TCS Daily


Partial Past Responses Gave Terrorists No Reason To Pause

By Melana Zyla Vickers - September 24, 2001 12:00 AM

As the administration prepares to wage war against the terrorists who perpetrated the Sept. 11 atrocities, an uncomfortable question looms: Why hadn't the United States succeeded in defeating the foe before?

This may be the nation's greatest battle against the shadowy enemy, but not its first. Since 1986, the United States has vowed numerous times to defeat terrorist attackers. The vows followed:

  • the bombing of the U.S.S. Cole in 2000.
  • the embassy bombings in Africa in 1998.
  • the Khobar Towers bombing in Saudi Arabia in 1996.
  • the World Trade Center bombings of 1993.
  • the bombing of Pan Am 103 in 1988.
  • the attack on U.S. servicemen in a Berlin discotheque in 1986.


  • That's not a complete list. And not one of the attacks was decisively avenged.

    To be sure, the Sept. 11 act of terrorism, whose 6,400-plus victims make the day the deadliest in U.S. history, was massive and nation altering. Regardless of how the United States has fought terrorism in the past, it's likely the nation will now fight differently - and better.

    That's because the American will is now steeled. If the sheer difficulty of striking back at elusive terrorists explains part of the United States faltering until now, lack of will explains the balance of it.

    Consider the history of the Berlin disco attack. U.S. intelligence linked the bombing to Libyan perpetrators. As punishment, Ronald Reagan bombed Mohamar Khaddafi, narrowly missing him and killing his daughter.
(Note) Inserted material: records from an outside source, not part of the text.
lemma degenerate_imp_rep_data:
  fixes \<alpha> \<beta> :: "real^3"
  assumes \<alpha>: "(a / 2)\<^sup>2 + \<alpha> \<bullet> \<alpha> = 1" and \<beta>: "(b / 2)\<^sup>2 + \<beta> \<bullet> \<beta> = 1"
    and x: "x = a * b / 2 - 2 * (\<alpha> \<bullet> \<beta>)" and "x\<^sup>2 = 4"
  shows "\<exists>c. rep_data a b \<alpha> \<beta> c \<and>
    trace_triple a b \<alpha> \<beta> c = (x, - x * sqrt (1 - (a / 2)\<^sup>2) * cos t, 2 * sqrt (1 - (a / 2)\<^sup>2) * cos t)"
proof -
  define \<rho> where "\<rho> = sqrt (1 - (a / 2)\<^sup>2)"
  have \<beta>\<alpha>: "\<beta> = - (x / 2) *\<^sub>R \<alpha>" and b: "b = (x / 2) * a"
    using trace_sq_eq_4_imp_parallel[OF \<alpha> \<beta> x \<open>x\<^sup>2 = 4\<close>] by simp_all
  have "norm \<alpha> = \<rho>" using \<alpha> by (simp add: norm_eq_sqrt_inner \<rho>_def)
  then have "\<bar>- \<rho> * cos t\<bar> \<le> norm \<alpha>"
    using abs_cos_le_one[of t] norm_ge_zero[of \<alpha>] by (simp add: abs_mult mult_left_le)
  then obtain c where c: "c \<bullet> c = 1" "c \<bullet> \<alpha> = - \<rho> * cos t"
    using exists_unit_inner_eq by blast
  have "(a / 2) *\<^sub>R \<beta> + (b / 2) *\<^sub>R \<alpha> + \<alpha> \<times> \<beta> = 0"
    unfolding \<beta>\<alpha> b by (simp add: cross_mult_right)
  then have "rep_data a b \<alpha> \<beta> c" using \<alpha> \<beta> c by (simp add: rep_data_def)
  moreover have "trace_triple a b \<alpha> \<beta> c = (x, - x * \<rho> * cos t, 2 * \<rho> * cos t)"
    using x c unfolding trace_triple_def \<beta>\<alpha> by (simp add: inner_commute)
  ultimately show ?thesis unfolding \<rho>_def by blast
qed

lemma E_kappa_slice_bounds:
  assumes "(x, y, z) \<in> E_kappa (a, b, 0, 0)"
  shows "x\<^sup>2 \<le> 4" and "level_rhs a b x \<ge> 0"
proof -
  obtain \<alpha> \<beta> :: "real^3" where \<alpha>: "(a / 2)\<^sup>2 + \<alpha> \<bullet> \<alpha> = 1" and \<beta>: "(b / 2)\<^sup>2 + \<beta> \<bullet> \<beta> = 1"
    and x: "x = a * b / 2 - 2 * (\<alpha> \<bullet> \<beta>)"
    using E_kappa_obtain_AB[OF assms] .
  show "x\<^sup>2 \<le> 4" using trace_product_sq_le_4[OF \<alpha> \<beta>] x by simp
  show "level_rhs a b x \<ge> 0" using level_rhs_eq_inner_cross3[OF \<alpha> \<beta> x] by simp
qed

lemma X_level_nondegenerate:
  assumes "(x, y0, z0) \<in> E_kappa (a, b, 0, 0)" and "x\<^sup>2 < 4"
  shows "X_level (a, b, 0, 0) x = {(x, y, z) | y z. y\<^sup>2 + z\<^sup>2 + x * y * z = level_rhs a b x}"
proof (intro equalityI subsetI)
  fix p assume "p \<in> X_level (a, b, 0, 0) x"
  then obtain y z where p: "p = (x, y, z)" and "(x, y, z) \<in> E_kappa (a, b, 0, 0)"
    unfolding X_level_def by (cases p) auto
  then obtain \<alpha> \<beta> c where "rep_data a b \<alpha> \<beta> c" and "(x, y, z) = trace_triple a b \<alpha> \<beta> c"
    using E_kappa_imp_rep_data by blast
  then show "p \<in> {(x, y, z) | y z. y\<^sup>2 + z\<^sup>2 + x * y * z = level_rhs a b x}"
    using rep_data_on_cubic p by fastforce
next
  fix p assume "p \<in> {(x, y, z) | y z. y\<^sup>2 + z\<^sup>2 + x * y * z = level_rhs a b x}"
  then obtain y z where p: "p = (x, y, z)" and on_cubic: "y\<^sup>2 + z\<^sup>2 + x * y * z = level_rhs a b x"
    by blast
  obtain \<alpha> \<beta> :: "real^3" where \<alpha>: "(a / 2)\<^sup>2 + \<alpha> \<bullet> \<alpha> = 1" and \<beta>: "(b / 2)\<^sup>2 + \<beta> \<bullet> \<beta> = 1"
    and x: "x = a * b / 2 - 2 * (\<alpha> \<bullet> \<beta>)"
    using E_kappa_obtain_AB[OF assms(1)] .
  obtain c where "rep_data a b \<alpha> \<beta> c" and "trace_triple a b \<alpha> \<beta> c = (x, y, z)"
    using cubic_imp_rep_data[OF \<alpha> \<beta> x \<open>x\<^sup>2 < 4\<close> on_cubic] by blast
  then show "p \<in> X_level (a, b, 0, 0) x"
    using rep_data_imp_E_kappa p by (fastforce simp: X_level_def)
qed

lemma X_level_degenerate:
  assumes "(x, y0, z0) \<in> E_kappa (a, b, 0, 0)" and "x\<^sup>2 = 4"
  shows "X_level (a, b, 0, 0) x =
    (\<lambda>t. (x, - x * sqrt (1 - (a / 2)\<^sup>2) * cos t, 2 * sqrt (1 - (a / 2)\<^sup>2) * cos t)) ` UNIV"
proof (intro equalityI subsetI)
  fix p assume "p \<in> X_level (a, b, 0, 0) x"
  then obtain y z where p: "p = (x, y, z)" and "(x, y, z) \<in> E_kappa (a, b, 0, 0)"
    unfolding X_level_def by (cases p) auto
  then obtain \<alpha> \<beta> c where "rep_data a b \<alpha> \<beta> c" and "(x, y, z) = trace_triple a b \<alpha> \<beta> c"
    using E_kappa_imp_rep_data by blast
  then obtain t where "y = - x * sqrt (1 - (a / 2)\<^sup>2) * cos t" "z = 2 * sqrt (1 - (a / 2)\<^sup>2) * cos t"
    using rep_data_degenerate_form \<open>x\<^sup>2 = 4\<close> by metis
  then show "p \<in> (\<lambda>t. (x, - x * sqrt (1 - (a / 2)\<^sup>2) * cos t, 2 * sqrt (1 - (a / 2)\<^sup>2) * cos t)) ` UNIV"
    using p by blast
next
  fix p assume "p \<in> (\<lambda>t. (x, - x * sqrt (1 - (a / 2)\<^sup>2) * cos t, 2 * sqrt (1 - (a / 2)\<^sup>2) * cos t)) ` UNIV"
  then obtain t where p: "p = (x, - x * sqrt (1 - (a / 2)\<^sup>2) * cos t, 2 * sqrt (1 - (a / 2)\<^sup>2) * cos t)"
    by blast
  obtain \<alpha> \<beta> :: "real^3" where \<alpha>: "(a / 2)\<^sup>2 + \<alpha> \<bullet> \<alpha> = 1" and \<beta>: "(b / 2)\<^sup>2 + \<beta> \<bullet> \<beta> = 1"
    and x: "x = a * b / 2 - 2 * (\<alpha> \<bullet> \<beta>)"
    using E_kappa_obtain_AB[OF assms(1)] .
  obtain c where "rep_data a b \<alpha> \<beta> c" and "trace_triple a b \<alpha> \<beta> c = p"
    using degenerate_imp_rep_data[OF \<alpha> \<beta> x \<open>x\<^sup>2 = 4\<close>, of t] p by blast
  then show "p \<in> X_level (a, b, 0, 0) x"
    using rep_data_imp_E_kappa p by (fastforce simp: X_level_def)
qed

lemma X_level_ellipse_meets_axes:
  assumes "X_level (a, b, 0, 0) x \<noteq> {}"
  shows "ellipse_centered (X_level (a, b, 0, 0) x) (x, 0, 0) \<and>
    (\<exists>z. (x, 0, z) \<in> X_level (a, b, 0, 0) x) \<and> (\<exists>y. (x, y, 0) \<in> X_level (a, b, 0, 0) x)"
proof -
  obtain y0 z0 where E: "(x, y0, z0) \<in> E_kappa (a, b, 0, 0)"
    using assms by (auto simp: X_level_def)
  consider "x\<^sup>2 < 4" | "x\<^sup>2 = 4" using E_kappa_slice_bounds(1)[OF E] by linarith
  then show ?thesis
  proof cases
    case 1
    define K where "K = level_rhs a b x"
    have "K \<ge> 0" using E_kappa_slice_bounds(2)[OF E] by (simp add: K_def)
    have X: "X_level (a, b, 0, 0) x = {(x, y, z) | y z. y\<^sup>2 + z\<^sup>2 + x * y * z = K}"
      using X_level_nondegenerate[OF E 1] by (simp add: K_def)
    have "ellipse_centered (X_level (a, b, 0, 0) x) (x, 0, 0)"
      unfolding X cubic_slice_ellipse[OF 1 \<open>K \<ge> 0\<close>] ellipse_centered_def by blast
    moreover have "(x, 0, sqrt K) \<in> X_level (a, b, 0, 0) x" "(x, sqrt K, 0) \<in> X_level (a, b, 0, 0) x"
      unfolding X using \<open>K \<ge> 0\<close> by simp_all
    ultimately show ?thesis by blast
  next
    case 2
    define \<rho> where "\<rho> = sqrt (1 - (a / 2)\<^sup>2)"
    have "X_level (a, b, 0, 0) x = (\<lambda>t. (x, - x * \<rho> * cos t, 2 * \<rho> * cos t)) ` UNIV"
      using X_level_degenerate[OF E 2] by (simp add: \<rho>_def)
    also have "\<dots> = (\<lambda>t. (x, 0, 0) + cos t *\<^sub>R (0, - x * \<rho>, 2 * \<rho>) + sin t *\<^sub>R 0) ` UNIV"
      by (auto simp: algebra_simps)
    finally have X: "X_level (a, b, 0, 0) x = \<dots>" .
    have "(x, 0, 0) \<in> X_level (a, b, 0, 0) x"
      unfolding X by (auto intro: image_eqI[of _ _ "pi / 2"])
    then show ?thesis
      unfolding ellipse_centered_def by (auto simp only: X)
  qed
qed

theorem lemma6p3:
  fixes a b :: real
  assumes "a \<in> {-2..2}" and "b \<in> {-2..2}"
  shows "(\<forall>x. X_level (a, b, 0, 0) x \<noteq> {} \<longrightarrow>
            ellipse_centered (X_level (a, b, 0, 0) x) (x, 0, 0))
       \<and> (\<forall>x. X_level (a, b, 0, 0) x \<noteq> {} \<longrightarrow>
            Y_level (a, b, 0, 0) 0 \<inter> X_level (a, b, 0, 0) x \<noteq> {} \<and>
            Z_level (a, b, 0, 0) 0 \<inter> X_level (a, b, 0, 0) x \<noteq> {})"
proof (intro conjI allI impI)
  fix x assume ne: "X_level (a, b, 0, 0) x \<noteq> {}"
  note X = X_level_ellipse_meets_axes[OF ne]
  then show "ellipse_centered (X_level (a, b, 0, 0) x) (x, 0, 0)" ..
  show "Y_level (a, b, 0, 0) 0 \<inter> X_level (a, b, 0, 0) x \<noteq> {}"
    using X by (auto simp: X_level_def Y_level_def)
  show "Z_level (a, b, 0, 0) 0 \<inter> X_level (a, b, 0, 0) x \<noteq> {}"
    using X by (auto simp: X_level_def Z_level_def)
qed

end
Khaddafi reeled, but wasn't stopped. In 1988, he retaliated with the bombing of Pan Am 103. The U.S. response? A legal proceeding on Pan Am 103 in Europe, resulting in a carefully crafted verdict that convicted two men linked to Libya, yet let Khaddafi and his government utterly off the hook.
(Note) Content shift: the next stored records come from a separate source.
definition inexact_proj :: "'a::real_inner set \<Rightarrow> ('a \<Rightarrow> 'a \<Rightarrow> 'a \<Rightarrow> real) \<Rightarrow> 'a \<Rightarrow> 'a \<Rightarrow> 'a set" where
  "inexact_proj C phi u v = {w \<in> C. \<forall>z\<in>C. inner (v - w) (z - w) \<le> phi u v w}"

definition minimizers :: "('a \<Rightarrow> real) \<Rightarrow> 'a set \<Rightarrow> 'a set" where
  "minimizers f C = {x \<in> C. \<forall>y\<in>C. f x \<le> f y}"

end

theory Submission
  imports Defs
begin

text \<open>Each iteration decreases the squared distance to the solution \<open>x\<^sub>*\<close> by at least
  \<open>\<beta>\<^sub>k (f(x\<^sub>k) - f\<^sup>*)\<^sup>2 / \<parallel>s\<^sub>k\<parallel>\<^sup>2 \<ge> \<underline>\<beta> (f(x\<^sub>k) - f\<^sup>*)\<^sup>2 / c\<^sup>2\<close>: the inexact projection is
  nonexpansive up to the error terms, which the relative tolerance lets us absorb into the
  factor \<open>\<nu>\<close>, and Polyak's stepsize with \<open>\<beta>\<^sub>k (2\<mu> + \<nu>) < 1\<close> leaves a net decrease.
  Summing over \<open>k = 0..N\<close> bounds \<open>\<underline>\<beta>/c\<^sup>2 \<Sum> (f(x\<^sub>k) - f\<^sup>*)\<^sup>2\<close> by \<open>\<parallel>x\<^sub>0 - x\<^sub>*\<parallel>\<^sup>2\<close>, and the
  smallest term of the sum is at most its average.\<close>

lemma norm_diff_sq_three_point:
  fixes v w z :: "'a::real_inner"
  shows "(norm (w - z))\<^sup>2 = (norm (v - z))\<^sup>2 - (norm (v - w))\<^sup>2 + 2 * inner (v - w) (z - w)"
  unfolding power2_norm_eq_inner
  by (simp add: inner_commute algebra_simps)

lemma inexact_proj_dist_le:
  fixes u v w z :: "'a::real_inner"
  assumes w: "w \<in> inexact_proj C phi u v" and tol: "rel_err_tol phi g th l"
    and th: "th \<le> 1/2" and z: "z \<in> C"
  shows "(norm (w - z))\<^sup>2 \<le> (norm (v - z))\<^sup>2 + 2 * g * (norm (v - u))\<^sup>2 + 2 * l * (norm (w - u))\<^sup>2"
proof -
  have "inner (v - w) (z - w) \<le> phi u v w"
    using w z by (auto simp: inexact_proj_def)
  also have "\<dots> \<le> g * (norm (v - u))\<^sup>2 + th * (norm (v - w))\<^sup>2 + l * (norm (w - u))\<^sup>2"
    using tol by (simp add: rel_err_tol_def norm_minus_commute)
  finally have "inner (v - w) (z - w) \<le> \<dots>" .
  moreover have "th * (norm (v - w))\<^sup>2 \<le> (1/2) * (norm (v - w))\<^sup>2"
    using th by (intro mult_right_mono) auto
  ultimately show ?thesis
    using norm_diff_sq_three_point[of w z v] by linarith
qed

text \<open>Taking \<open>z = u\<close> in the previous lemma controls \<open>\<parallel>w - u\<parallel>\<close> by \<open>\<parallel>v - u\<parallel>\<close>, which removes
  the implicit dependence on \<open>w\<close> from the error terms.\<close>

lemma inexact_proj_fejer:
  fixes u v w z :: "'a::real_inner"
  assumes w: "w \<in> inexact_proj C phi u v" and tol: "rel_err_tol phi g th l"
    and g: "0 \<le> g" and l: "0 \<le> l" "l < 1/2" and th: "th \<le> 1/2"
    and u: "u \<in> C" and z: "z \<in> C"
  shows "(norm (w - z))\<^sup>2 \<le> (norm (v - z))\<^sup>2 + ((1 + 2*g) / (1 - 2*l) - 1) * (norm (v - u))\<^sup>2"
proof -
  define P where "P = (norm (v - u))\<^sup>2"
  define Q where "Q = (norm (w - u))\<^sup>2"
  define \<nu> where "\<nu> = (1 + 2*g) / (1 - 2*l)"
  have "Q \<le> P + 2 * g * P + 2 * l * Q"
    using inexact_proj_dist_le[OF w tol th u] by (simp add: P_def Q_def)
  then have Q: "Q \<le> \<nu> * P"
    using l by (simp add: \<nu>_def field_simps)
  have "(norm (w - z))\<^sup>2 \<le> (norm (v - z))\<^sup>2 + 2 * g * P + 2 * l * Q"
    using inexact_proj_dist_le[OF w tol th z] by (simp add: P_def Q_def)
  also have "\<dots> \<le> (norm (v - z))\<^sup>2 + 2 * g * P + 2 * l * (\<nu> * P)"
    using Q l by (simp add: mult_left_mono)
  also have "\<dots> = (norm (v - z))\<^sup>2 + (2 * g + 2 * l * \<nu>) * P"
    by (simp add: algebra_simps)
  also have "2 * g + 2 * l * \<nu> = \<nu> - 1"
    using l by (simp add: \<nu>_def field_simps)
  finally show ?thesis by (simp add: P_def \<nu>_def)
qed
lemma const_inner_derivative_eq_0:
  fixes f h :: "real \<Rightarrow> 'a::real_inner"
  assumes "open I" "s \<in> I" "\<And>t. t \<in> I \<Longrightarrow> f t \<bullet> h t = c"
    and "(f has_vector_derivative f') (at s)" "(h has_vector_derivative h') (at s)"
  shows "f s \<bullet> h' + f' \<bullet> h s = 0"
proof -
  have "((\<lambda>t. f t \<bullet> h t) has_vector_derivative f s \<bullet> h' + f' \<bullet> h s) (at s)"
    using bounded_bilinear.has_vector_derivative[OF bounded_bilinear_inner assms(4,5)] by simp
  moreover have "((\<lambda>t. f t \<bullet> h t) has_vector_derivative 0) (at s)"
    by (rule has_vector_derivative_transform_within_open[OF has_vector_derivative_const assms(1,2)])
      (simp add: assms(3))
  ultimately show ?thesis using vector_derivative_unique_at by blast
qed

section \<open>Completing an orthonormal family to a positive frame\<close>

lemma idx_pos_less: "idx_pos (j::'m::enum) < CARD('m)"
  and enum_nth_idx_pos: "(Enum.enum :: 'm list) ! idx_pos j = j"
proof -
  obtain k where k: "k < length (Enum.enum :: 'm list)" "(Enum.enum :: 'm list) ! k = j"
    using UNIV_enum in_set_conv_nth[of j "Enum.enum :: 'm list"] by auto
  show "(Enum.enum :: 'm list) ! idx_pos j = j"
    unfolding idx_pos_def by (rule LeastI[of _ k]) (rule k(2))
  have "idx_pos j \<le> k"
    unfolding idx_pos_def by (rule Least_le) (rule k(2))
  then show "idx_pos j < CARD('m)"
    using k(1) by (simp add: card_UNIV_length_enum)
qed

lemma idx_pos_eq_iff: "idx_pos (i::'m::enum) = idx_pos j \<longleftrightarrow> i = j"
  by (metis enum_nth_idx_pos)

lemma idx_pos_surj: "k < CARD('m::enum) \<Longrightarrow> \<exists>j::'m. idx_pos j = k"
proof
  assume k: "k < CARD('m)"
  let ?j = "(Enum.enum :: 'm list) ! k"
  show "idx_pos ?j = k"
    using enum_nth_idx_pos[of ?j] idx_pos_less[of ?j] k
    by (metis card_UNIV_length_enum enum_distinct nth_eq_iff_index_eq)
qed

definition frame_matrix :: "(nat \<Rightarrow> real^'m::enum) \<Rightarrow> real^'m::enum^'m::enum" where
  "frame_matrix v = (\<chi> i. v (idx_pos i))"

lemma frame_det_eq_det_frame_matrix: "frame_det v = det (frame_matrix v)"
  by (simp add: frame_det_def frame_matrix_def vec_lambda_eta)

definition orthonormal_upto :: "nat \<Rightarrow> (nat \<Rightarrow> 'a::real_inner) \<Rightarrow> bool" where
  "orthonormal_upto n v \<longleftrightarrow> (\<forall>i<n. \<forall>j<n. v i \<bullet> v j = (if i = j then 1 else 0))"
    Perhaps fearing further escalation, or letting go of their outrage with the passage of time, U.S. political leaders had lost the will to continue waging battle against terrorism. Perversely, in 2000-01 this country came closer than ever to restoring commercial relations with Khaddafi's murderous regime.

    The history of the other terrorist attacks is more disconcerting still. After the World Trade Center attack of 1993, there was only the trial of a handful of accomplices. It served to advance the shibboleth that terrorism is a crime perpetrated by individuals, not an evil political act hatched and nurtured by governments.

    The embassy attacks saw a few missiles flung at Afghanistan and Sudan. And the U.S.S. Cole attack met no response at all.

    In most of these cases, U.S. intelligence agencies have had difficulty linking a perpetrating nation or group to the attack. And even in cases where they had evidence, the perpetrators succeeded in remaining out of reach. For example, Osama bin Laden, linked to the embassy bombings, reportedly escaped the Afghanistan camp that the United States struck after the embassy attacks on 1998. And when bin Laden was in the sights of U.S. intelligence-gatherers in 2000, the Clinton administration - whether through hesitation or slow-footedness - failed to get him.

    That failure proved fatal on Sept. 11.

    Difficult though retaliation may be, it is no longer optional. Gone are the days when terrorists and their patron states could count on a genteel U.S. response.

    The United States must now surmount the difficulties of defeating terrorism with improved intelligence-gathering and counter-terrorism skill, throwing masses of manpower and resources at the problem. That process has begun, with the Bush administration's declaration of war against terrorists marking a break from the flimsy vows of the past. The pledge to punish militarily the states that harbor terrorists is also encouraging, as are plans to commit special forces to the task of exterminating the terrorists.

    Add to this arsenal an inalterably steeled American will, and the nation will be ready to defeat terrorists - for good, this time.